Once those changes took effect, they could put a dent in the health law's stability, opening the door to new competitors that could draw healthy people out of the Obamacare markets.

Still, association health plans are overseen by the states, and Obamacare insurers have experience contending with short-term policies during the shaky first years of the law.

The far bigger threat lies in who the administration deems to be an association — and how far it reimagines ERISA.

While Trump's order is unlikely to get specific, multiple people familiar with the plans said the Labor Department is already working on a reinterpretation of the workplace rule that would broaden the kinds of groups that can qualify as associations and thereby exempt themselves from Obamacare regulations.

That definition, which isn't yet settled, could include small businesses, trade groups and unions, all the way to groups of self-employed individuals.
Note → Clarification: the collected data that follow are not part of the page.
(* Let $G_L\le GL(7,\mathbb{C})$ be the group generated by the permutation matrices $(12),(23),(34),(67)$ and the matrix $A$ defined in the context. Then $G_L$ is isomorphic to the Coxeter group $W(D_5)$, which has order $1920$.
   Context: A permutation $\sigma\in S_7$ is identified with the $7\times7$ permutation matrix sending the standard basis vector $e_i$ to $e_{\sigma(i)}$. The matrix $A\in GL(7,\mathbb{C})$ is \[ A=\begin{pmatrix} 1&0&0&0&0&0&0\\ 0&1&0&0&0&0&0\\ 0&0&-1&0&0&0&1\\ 0&0&0&-1&0&0&1\\ 0&0&-1&-1&1&0&1\\ 0&0&-1&-1&0&1&1\\ 0&0&0&0&0&0&1 \end{pmatrix}. \] $W(D_5)$ denotes the Coxeter group of type $D_5$. *)

theory Defs
  imports "Jordan_Normal_Form.Matrix" "HOL-Algebra.Generated_Groups"
begin

definition GL_grp :: "nat \<Rightarrow> ('a::comm_ring_1) mat monoid" where
  "GL_grp n = \<lparr>carrier = {M \<in> carrier_mat n n. invertible_mat M},
               mult = (\<lambda>M N. M * N), one = 1\<^sub>m n\<rparr>"

definition gen_subgroup :: "nat \<Rightarrow> ('a::comm_ring_1) mat set \<Rightarrow> 'a mat monoid" where
  "gen_subgroup n S = (GL_grp n)\<lparr>carrier := generate (GL_grp n) S\<rparr>"

text \<open>Permutation matrix of sigma (indices 0..n-1 stand for 1..n): e_i is sent to e_(sigma i).\<close>
definition perm_matrix :: "nat \<Rightarrow> (nat \<Rightarrow> nat) \<Rightarrow> complex mat" where
  "perm_matrix n \<sigma> = mat n n (\<lambda>(r, c). if r = \<sigma> c then 1 else 0)"

definition A_mat :: "complex mat" where
  "A_mat = mat_of_rows_list 7
    [[1, 0, 0, 0, 0, 0, 0],
     [0, 1, 0, 0, 0, 0, 0],
     [0, 0, -1, 0, 0, 0, 1],
     [0, 0, 0, -1, 0, 0, 1],
     [0, 0, -1, -1, 1, 0, 1],
     [0, 0, -1, -1, 0, 1, 1],
     [0, 0, 0, 0, 0, 0, 1]]"

text \<open>G_L = < (12), (23), (34), (67), A > inside GL(7,C) (0-based indices).\<close>
definition G_L :: "complex mat monoid" where
  "G_L = gen_subgroup 7
     {perm_matrix 7 (Transposition.transpose 0 1), perm_matrix 7 (Transposition.transpose 1 2),
      perm_matrix 7 (Transposition.transpose 2 3), perm_matrix 7 (Transposition.transpose 5 6),
      A_mat}"

definition roots_D :: "nat \<Rightarrow> real vec set" where
  "roots_D n = {v. \<exists>i j a b. i < n \<and> j < n \<and> i \<noteq> j \<and> a \<in> {-1, 1} \<and> b \<in> {-1, 1} \<and>
       v = vec n (\<lambda>k. if k = i then a else if k = j then b else 0)}"

definition reflection_mat :: "nat \<Rightarrow> real vec \<Rightarrow> real mat" where
  "reflection_mat n \<alpha> = 1\<^sub>m n - (2 / (\<alpha> \<bullet> \<alpha>)) \<cdot>\<^sub>m mat n n (\<lambda>(r, c). \<alpha> $ r * \<alpha> $ c)"

definition W_D :: "nat \<Rightarrow> real mat monoid" where
  "W_D n = gen_subgroup n (reflection_mat n ` roots_D n)"

end

theory Submission
  imports Defs "HOL-Combinatorics.Permutations"
begin

text \<open>
  The Weyl group W(D_n) is generated by the reflections in the roots \<open>\<plusminus>e\<^sub>i \<plusminus> e\<^sub>j\<close>; these are
  exactly the signed transposition matrices, and they generate the group of signed permutation
  matrices with an even number of minus signs, of order \<open>n! 2\<^sup>n\<^sup>-\<^sup>1\<close> (1920 for n = 5).
  The same group is already generated by five of its elements, and conjugating the block matrix
  \<open>diag(W, 1, 1)\<close> by a suitable invertible 7 \<times> 7 matrix Q turns these five elements into the
  generators (12), (23), (34), (67), A of \<open>G\<^sub>L\<close>. Conjugation by Q composed with the block embedding
  is an injective homomorphism, so it maps W(D_5) isomorphically onto the group it generates.
\<close>

lemma permutes_lessThan_less: "p permutes {..<n} \<Longrightarrow> c < n \<Longrightarrow> p c < n"
  using permutes_in_image by fastforce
One debate has centered on how small a group could be and still qualify as an association, according to one person familiar with the discussions.


Association health plans would be federally regulated as part of the large employer market, allowing them to sell coverage across state lines. Importantly, they wouldn't have to meet Obamacare's benefit requirements or cover a minimum percentage of enrollees' health care costs.

Association health plans “could effectively cherry pick" the most desirable participants, said Sabrina Corlette, an insurance expert at Georgetown University and a former Democratic congressional staffer. "Anybody who's healthy and unsubsidized would quickly make the transition."

Trade groups and associations representing small businesses have been big cheerleaders of the executive order behind the scenes, arguing it would expand the health care choices for small employers and franchise operators — and lower premiums for them and their employees.

But the small businesses left in the Obamacare markets would likely face higher prices and fewer insurers willing to cover such an increasingly risky population. That deterioration could spread to the individual market if the Trump administration rewrites the rules broadly.